● **How to complete this task**
Look over the entries that follow. Report how many lines contain "False", with nothing else.

● **Data to use**
(* Let $K$ be a division ring and $M,N\ge2$ integers. Suppose that for every group $\Gamma=\Gamma_\pi\in\bigcup_{2\le m\le M,\ 2\le n\le N}\mathrm{ULIE}^{(2)}_K(m,n)$, with its canonical generators $1=a_0,a_1,\dots,a_{m-1}$ and $1=b_0,b_1,\dots,b_{n-1}$ and with $\phi:\Gamma\to\Gamma/N_{\mathrm{tor}}(\Gamma)$ the quotient map, we have $\phi(a_i)=\phi(a_{i'})$ for some $0\le i<i'\le m-1$ or $\phi(b_j)=\phi(b_{j'})$ for some $0\le j<j'\le n-1$. Then for every torsion-free group $G$ there are no $a,b\in K[G]$ with $\operatorname{rank}(a)=M$, $\operatorname{rank}(b)=N$ and $ab=1$.
   Context: $K$ is a nonzero division ring, $K[G]$ the group ring, rank = number of group elements with nonzero coefficient. For $m,n\ge2$ and a partition $\pi$ of $S_{m,n}=\{0,\dots,m-1\}\times\{0,\dots,n-1\}$, $(i,j)\sim_\pi(i',j')$ means same block; $\Gamma_\pi$ is the group with canonical generators $a_0,\dots,a_{m-1},b_0,\dots,b_{n-1}$ and relations $a_0=b_0=1$, $a_ib_j=a_{i'}b_{j'}$ whenever $(i,j)\sim_\pi(i',j')$. $\pi$ is nondegenerate if in $\Gamma_\pi$ the $a_i$ are pairwise distinct and the $b_j$ pairwise distinct. $\pi$ is realizable with nonzero $r_0,\dots,s_{n-1}\in K$ if for each block $E$, $\sum_{(i,j)\in E}r_is_j$ equals $1$ if $(0,0)\in E$, else $0$; ordering partitions by refinement, $\pi$ is minimally realizable over $K$ if for some choice of nonzero elements of $K$ it is minimal among partitions realizable with them. An invariant subgrid of $\pi$ is $(R,C)$ with $0\in R\subseteq\{0,\dots,m-1\}$, $0\in C\subseteq\{0,\dots,n-1\}$, $|R|,|C|\ge2$, such that $(i,j)\in R\times C$ and $(i,j)\sim_\pi(i',j')$ imply $(i',j')\in R\times C$; it is proper if $|R|<m$ or $|C|<n$. $\mathrm{ULIE}^{(2)}_K(m,n)$ is the set of $\Gamma_\pi$ with $\pi$ nondegenerate, minimally realizable over $K$, and without proper invariant subgrids. For a group $\Gamma$, $N^{(1)}_{\mathrm{tor}}(\Gamma)$ is the smallest normal subgroup containing all elements of finite order; $N_{\mathrm{tor},1}=N^{(1)}_{\mathrm{tor}}(\Gamma)$, $N_{\mathrm{tor},k+1}=\phi_k^{-1}(N^{(1)}_{\mathrm{tor}}(\Gamma/N_{\mathrm{tor},k}))$ with $\phi_k$ the quotient map $\Gamma\to\Gamma/N_{\mathrm{tor},k}$, and $N_{\mathrm{tor}}(\Gamma)=\bigcup_kN_{\mathrm{tor},k}$. *)

theory Defs
  imports "HOL-Algebra.Coset"
begin

definition supp :: "('g \<Rightarrow> 'k::zero) \<Rightarrow> 'g set" where
  "supp a = {g. a g \<noteq> 0}"

definition group_ring :: "('g, 'm) monoid_scheme \<Rightarrow> ('g \<Rightarrow> 'k::zero) set" where
  "group_ring G = {a. finite (supp a) \<and> supp a \<subseteq> carrier G}"

definition gr_mult :: "('g, 'm) monoid_scheme \<Rightarrow> ('g \<Rightarrow> 'k::ring_1) \<Rightarrow> ('g \<Rightarrow> 'k) \<Rightarrow> 'g \<Rightarrow> 'k" where
  "gr_mult G a b = (\<lambda>g. if g \<in> carrier G
      then (\<Sum>h\<in>supp a. a h * b (inv\<^bsub>G\<^esub> h \<otimes>\<^bsub>G\<^esub> g)) else 0)"

definition gr_one :: "('g, 'm) monoid_scheme \<Rightarrow> 'g \<Rightarrow> 'k::ring_1" where
  "gr_one G = (\<lambda>g. if g = \<one>\<^bsub>G\<^esub> then 1 else 0)"

definition gr_rank :: "('g \<Rightarrow> 'k::zero) \<Rightarrow> nat" where
  "gr_rank a = card (supp a)"

definition torsion_free :: "('g, 'm) monoid_scheme \<Rightarrow> bool" where
  "torsion_free G \<longleftrightarrow> (\<forall>x\<in>carrier G. \<forall>n::nat. n > 0 \<and> x [^]\<^bsub>G\<^esub> n = \<one>\<^bsub>G\<^esub> \<longrightarrow> x = \<one>\<^bsub>G\<^esub>)"

definition torsion_elems :: "('g, 'm) monoid_scheme \<Rightarrow> 'g set" where
  "torsion_elems G = {x \<in> carrier G. \<exists>n::nat. n > 0 \<and> x [^]\<^bsub>G\<^esub> n = \<one>\<^bsub>G\<^esub>}"

definition N1tor :: "('g, 'm) monoid_scheme \<Rightarrow> 'g set" where
  "N1tor G = \<Inter> {H. H \<lhd> G \<and> torsion_elems G \<subseteq> H}"

text \<open>\<open>Ntor_seq G k\<close> is \<open>N_{tor,k}\<close> for \<open>k \<ge> 1\<close>; the preimage of a set of cosets under the
  quotient map \<open>G \<rightarrow> G Mod N\<close> is the union of those cosets.\<close>
fun Ntor_seq :: "('g, 'm) monoid_scheme \<Rightarrow> nat \<Rightarrow> 'g set" where
  "Ntor_seq G 0 = {\<one>\<^bsub>G\<^esub>}"
| "Ntor_seq G (Suc 0) = N1tor G"
| "Ntor_seq G (Suc (Suc k)) = \<Union> (N1tor (G Mod (Ntor_seq G (Suc k))))"
(* Let $\Omega\subset\mathbb{R}^{n+1}$ be a compact convex body with $C^1$ boundary containing $0$ in its interior, and let $(\Omega_k)_{k\ge1}$ be a sequence of smooth uniformly convex bodies converging to $\Omega$ in Hausdorff distance. Then there exists a constant $C_\Omega>0$ depending only on $\Omega$ such that $d_{\partial\Omega_k}(X,Y)\le C_\Omega|X-Y|$ for all $X,Y\in\partial\Omega_k$ and all $k$ sufficiently large.
   Context: For a body $D$, $d_{\partial D}(X_1,X_2):=\inf\int_0^1|\dot\sigma(t)|dt$ over $C^1$ curves $\sigma$ in $\partial D$ from $X_1$ to $X_2$. A convex set $D$ is uniformly convex if there is $R>0$ with $D\subset B^{n+1}_R(X-R\nu)$ for every $X\in\partial D$ and every outward unit normal $\nu$ at $X$. Hausdorff distance: $d_H(A,B)=\max(\sup_{a\in A}\mathrm{dist}(a,B),\sup_{b\in B}\mathrm{dist}(b,A))$. *)

theory Defs
  imports "HOL-Analysis.Analysis"
begin

definition hausdorff_dist :: "'a::metric_space set \<Rightarrow> 'a set \<Rightarrow> real" where
  "hausdorff_dist A B =
     max (SUP a\<in>A. infdist a B) (SUP b\<in>B. infdist b A)"

definition convex_body :: "'a::euclidean_space set \<Rightarrow> bool" where
  "convex_body D \<longleftrightarrow> compact D \<and> convex D \<and> interior D \<noteq> {}"

fun Ck_on :: "nat \<Rightarrow> 'a::euclidean_space set \<Rightarrow> ('a \<Rightarrow> real) \<Rightarrow> bool" where
  "Ck_on 0 U f = continuous_on U f"
| "Ck_on (Suc k) U f =
     (\<exists>g. (\<forall>y\<in>U. (f has_derivative (\<lambda>h. g y \<bullet> h)) (at y))
          \<and> (\<forall>b\<in>Basis. Ck_on k U (\<lambda>y. g y \<bullet> b)))"

definition smooth_fun_on :: "'a::euclidean_space set \<Rightarrow> ('a \<Rightarrow> real) \<Rightarrow> bool" where
  "smooth_fun_on U f \<longleftrightarrow> (\<forall>k. Ck_on k U f)"
lemma F_321_2143_3124_tail_sorted:
  assumes mem: "\<pi> \<in> F_321_2143_3124 n" and head: "\<pi> ! 0 = j" "2 \<le> j" and "0 < n"
  shows "sorted_wrt (<) (map (tail_key n j) (drop 2 \<pi>))"
proof -
  have perm: "is_perm n \<pi>" and av321: "\<not> contains \<pi> [3,2,1]"
    and av2143: "\<not> contains \<pi> [2,1,4,3]" and av3124: "\<not> contains \<pi> [3,1,2,4]"
    using mem unfolding mem_F_321_2143_3124_iff by auto
  have len: "length \<pi> = n" using is_perm_length[OF perm] .
  note second = F_321_2143_3124_nth_1[OF mem head \<open>0 < n\<close>]
  have key: "tail_key n j (\<pi> ! p) < tail_key n j (\<pi> ! q)" if pq: "2 \<le> p" "p < q" "q < n" for p q
  proof -
    have range: "\<pi> ! p \<in> {1..n}" "\<pi> ! q \<in> {1..n}" using is_perm_nth[OF perm] pq by auto
    have "\<pi> ! p \<noteq> \<pi> ! 0" "\<pi> ! q \<noteq> \<pi> ! 0" "\<pi> ! p \<noteq> \<pi> ! q" "\<pi> ! p \<noteq> \<pi> ! 1"
      using pq by (simp_all add: is_perm_nth_eq_iff[OF perm])
    then have distinct_values: "\<pi> ! p \<noteq> j" "\<pi> ! q \<noteq> j" "\<pi> ! p \<noteq> \<pi> ! q" "\<pi> ! p \<noteq> 1"
      using head second by simp_all
    then consider "\<pi> ! p < j" "\<pi> ! q < j" | "j < \<pi> ! p" "j < \<pi> ! q"
      | "\<pi> ! p < j" "j < \<pi> ! q" | "j < \<pi> ! p" "\<pi> ! q < j"
      by linarith
    then show ?thesis
    proof cases
      case 1
      have "\<not> \<pi> ! q < \<pi> ! p"
      proof
        assume "\<pi> ! q < \<pi> ! p"
        then have "0 < p \<and> p < q \<and> q < length \<pi> \<and> \<pi> ! q < \<pi> ! p \<and> \<pi> ! p < \<pi> ! 0"
          using 1 pq head len by auto
        then show False using av321 unfolding contains_321_iff by blast
      qed
      then show ?thesis using 1 distinct_values unfolding tail_key_def by auto
    next
      case 2
      have "\<not> \<pi> ! q < \<pi> ! p"
      proof
        assume "\<pi> ! q < \<pi> ! p"
        then have "0 < (1::nat) \<and> 1 < p \<and> p < q \<and> q < length \<pi> \<and>
            \<pi> ! 1 < \<pi> ! 0 \<and> \<pi> ! 0 < \<pi> ! q \<and> \<pi> ! q < \<pi> ! p"
          using 2 pq head len second by auto
        then show False using av2143 unfolding contains_2143_iff by blast
      qed
      then show ?thesis using 2 distinct_values unfolding tail_key_def by auto
    next
      case 3
      have "0 < (1::nat) \<and> 1 < p \<and> p < q \<and> q < length \<pi> \<and>
          \<pi> ! 1 < \<pi> ! p \<and> \<pi> ! p < \<pi> ! 0 \<and> \<pi> ! 0 < \<pi> ! q"
        using 3 pq head len range second distinct_values by auto
      then show ?thesis using av3124 unfolding contains_3124_iff by blast
    next
      case 4
      then show ?thesis using range unfolding tail_key_def by auto
    qed
  qed
  show ?thesis unfolding sorted_wrt_iff_nth_less using key len by auto
qed

lemma F_321_2143_3124_eq_tau:
  assumes mem: "\<pi> \<in> F_321_2143_3124 n" and head: "\<pi> ! 0 = j" "2 \<le> j" and "0 < n"
  shows "\<pi> = tau n j"
proof -
  note second = F_321_2143_3124_nth_1[OF mem head \<open>0 < n\<close>]
  have perm: "is_perm n \<pi>" using mem unfolding mem_F_321_2143_3124_iff by blast
  have decomp: "\<pi> = j # 1 # drop 2 \<pi>"
    using is_perm_length[OF perm] head second by (cases \<pi>; cases "tl \<pi>") auto
  have tau_decomp: "tau n j = j # 1 # drop 2 (tau n j)"
    by (simp add: tau_def)
  have tail_set: "set (drop 2 \<pi>) = {1..n} - {j, 1}"
    using is_perm_Cons_Cons_set[of n j 1] perm decomp by simp
  have same_set: "set (drop 2 \<pi>) = set (drop 2 (tau n j))"
    using is_perm_Cons_Cons_set[of n j 1] is_perm_tau[OF head(2) second(1)] tau_decomp tail_set
    by simp
  have "inj_on (tail_key n j) {1..n}"
    by (auto simp: inj_on_def tail_key_def)
  then have inj: "inj_on (tail_key n j) (set (drop 2 \<pi>) \<union> set (drop 2 (tau n j)))"
    by (rule inj_on_subset) (simp add: same_set [symmetric] tail_set)
  have same_tail: "drop 2 \<pi> = drop 2 (tau n j)"
    using F_321_2143_3124_tail_sorted[OF mem head \<open>0 < n\<close>]
      F_321_2143_3124_tail_sorted[OF tau_mem_F[OF head(2) second(1)] tau_nth_0 head(2) \<open>0 < n\<close>]
    by (intro map_sorted_distinct_set_unique[OF inj _ _ _ _ same_set]) (simp_all add: strict_sorted_iff)
  from decomp have "\<pi> = j # 1 # drop 2 (tau n j)"
    by (simp only: same_tail)
  also note tau_decomp [symmetric]
  finally show ?thesis .
qed

lemma patterns_start_above_min: "\<forall>p\<in>set [[3,2,1], [2,1,4,3], [3,1,2,4::nat]]. \<exists>b<length p. p ! b < p ! 0"
  by (auto intro!: exI[of _ 1])

lemma F_321_2143_3124_Suc:
  "F_321_2143_3124 (Suc m) = (\<lambda>\<sigma>. 1 # map Suc \<sigma>) ` F_321_2143_3124 m \<union> tau (Suc m) ` {2..Suc m}"
  (is "?F = ?direct_sums \<union> ?taus")
proof (intro set_eqI iffI)
  fix \<pi> assume mem: "\<pi> \<in> ?F"
  then have perm: "is_perm (Suc m) \<pi>" unfolding mem_F_321_2143_3124_iff by auto
  show "\<pi> \<in> ?direct_sums \<union> ?taus"
  proof (cases "\<pi> ! 0 = 1")
    case True
    define \<sigma> where "\<sigma> = map (\<lambda>x. x - 1) (tl \<pi>)"
    have "\<forall>x\<in>set (tl \<pi>). 1 \<le> x" using perm unfolding is_perm_def by (cases \<pi>) auto
    then have "map Suc \<sigma> = tl \<pi>" unfolding \<sigma>_def by (auto intro!: map_idI)
    then have \<pi>_eq: "\<pi> = 1 # map Suc \<sigma>"
      using True is_perm_length[OF perm] by (cases \<pi>) auto
    then have "\<sigma> \<in> F_321_2143_3124 m"
      using mem Cons_map_Suc_mem_F_iff[OF patterns_start_above_min] by simp
    with \<pi>_eq show ?thesis by blast
  next
    case False
    then have head: "2 \<le> \<pi> ! 0" using is_perm_nth[OF perm, of 0] by auto
    have "\<pi> ! 0 \<in> {2..Suc m}"
      using head F_321_2143_3124_nth_1(1)[OF mem refl head] by simp
    moreover have "\<pi> = tau (Suc m) (\<pi> ! 0)"
      by (rule F_321_2143_3124_eq_tau[OF mem refl head]) simp
    ultimately show ?thesis by blast
  qed
next
  fix \<pi> assume "\<pi> \<in> ?direct_sums \<union> ?taus"
  then show "\<pi> \<in> ?F"
  proof
    assume "\<pi> \<in> ?direct_sums"
    then show "\<pi> \<in> ?F" using Cons_map_Suc_mem_F_iff[OF patterns_start_above_min] by blast
  next
    assume "\<pi> \<in> ?taus"
    then show "\<pi> \<in> ?F" using tau_mem_F by auto
  qed
qed

lemma card_F_321_2143_3124_Suc: "card (F_321_2143_3124 (Suc m)) = card (F_321_2143_3124 m) + m"
proof -
  have "inj_on (\<lambda>\<sigma>. 1 # map Suc \<sigma>) (F_321_2143_3124 m)"
    by (rule inj_onI) (simp add: inj_map_eq_map)
  moreover have "inj_on (tau (Suc m)) {2..Suc m}"
    by (rule inj_onI) (simp add: tau_def)
  moreover have "(\<lambda>\<sigma>. 1 # map Suc \<sigma>) ` F_321_2143_3124 m \<inter> tau (Suc m) ` {2..Suc m} = {}"
    by (auto simp: tau_def)
  ultimately show ?thesis
    unfolding F_321_2143_3124_Suc by (simp add: card_Un_disjoint card_image finite_F)
qed

theorem mainTheorem11:
  fixes n :: nat
  shows "card (F n [[3,2,1], [2,1,4,3], [3,1,2,4]]) = (n choose 2) + 1"
proof (induction n)
  case 0
  then show ?case by (simp add: F_0)
next
  case (Suc m)
  have "Suc m choose 2 = m + (m choose 2)"
    by (simp add: numeral_2_eq_2)
  with Suc.IH card_F_321_2143_3124_Suc[of m] show ?case by simp
qed

end
(* Let $(T,(V_t)_{t\in T})$ be a lean tree-decomposition of a graph $H$ into finite parts, and root $T$ at an arbitrary node $r$. Then every rooted ray in $T$ arises from at most one end of $H$. Moreover, if a rooted ray $R$ in $T$ arises from an end $\varepsilon$ of $H$, then $\liminf_{e\in E(R)}V_e=\mathrm{Dom}(\varepsilon)$.
   Context: A tree-decomposition $(T,(V_t)_{t\in T})$ of $H$ consists of a tree $T$ and bags $V_t\subseteq V(H)$ covering all vertices and edges of $H$ such that for each vertex $v$ the nodes $t$ with $v\in V_t$ form a subtree; it is into finite parts if all bags are finite. For an edge $e=st$ of $T$, $V_e:=V_s\cap V_t$. The decomposition is lean if for every two (not necessarily distinct) nodes $s,t$ and all $Z_s\subseteq V_s$, $Z_t\subseteq V_t$ with $|Z_s|=|Z_t|=:\ell\in\mathbb N$, either $H$ contains $\ell$ pairwise disjoint $Z_s$–$Z_t$ paths or some edge $e$ of the $s$–$t$ path in $T$ has $|V_e|<\ell$. With $T$ rooted at $r$, $\le_T$ is the tree-order, a rooted ray is a ray in $T$ starting at $r$, and for an edge $e$, $T_e$ is the component of $T-e$ not containing $r$ and $H\mathring{\uparrow}e$ is the subgraph of $H$ induced on $\bigcup_{u\in T_e}V_u\setminus V_e$. An end of $H$ is an equivalence class of rays, two rays being equivalent if for every finite $X\subseteq V(H)$ they have tails in the same component of $H-X$. If $X\subseteq V(H)$ meets every ray of an end $\varepsilon$ in only finitely many vertices, $C_H(X,\varepsilon)$ denotes the unique component of $H-X$ containing a tail of every ray in $\varepsilon$. An end $\varepsilon$ gives rise to (i.e. the ray arises from $\varepsilon$) the rooted ray $R$ in $T$ if every ray in $\varepsilon$ meets every bag $V_t$ with $t\in R$ in only finitely many vertices, and for every edge $e=st$ of $R$ with $s<_T t$ we have $C_H(V_s,\varepsilon)\subseteq H\mathring{\uparrow}e$. A vertex $v$ dominates $\varepsilon$ if $v\in C_H(X,\varepsilon)$ for every finite $X\subseteq V(H)\setminus\{v\}$; $\mathrm{Dom}(\varepsilon)$ is the set of vertices dominating $\varepsilon$. For a ray $R=t_0e_0t_1e_1\dots$ in $T$, $\liminf_{e\in E(R)}V_e:=\bigcup_{n\in\mathbb N}\bigcap_{i\ge n}V_{e_i}$. *)

theory Defs
  imports Main
begin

● **Answer to this problem**
3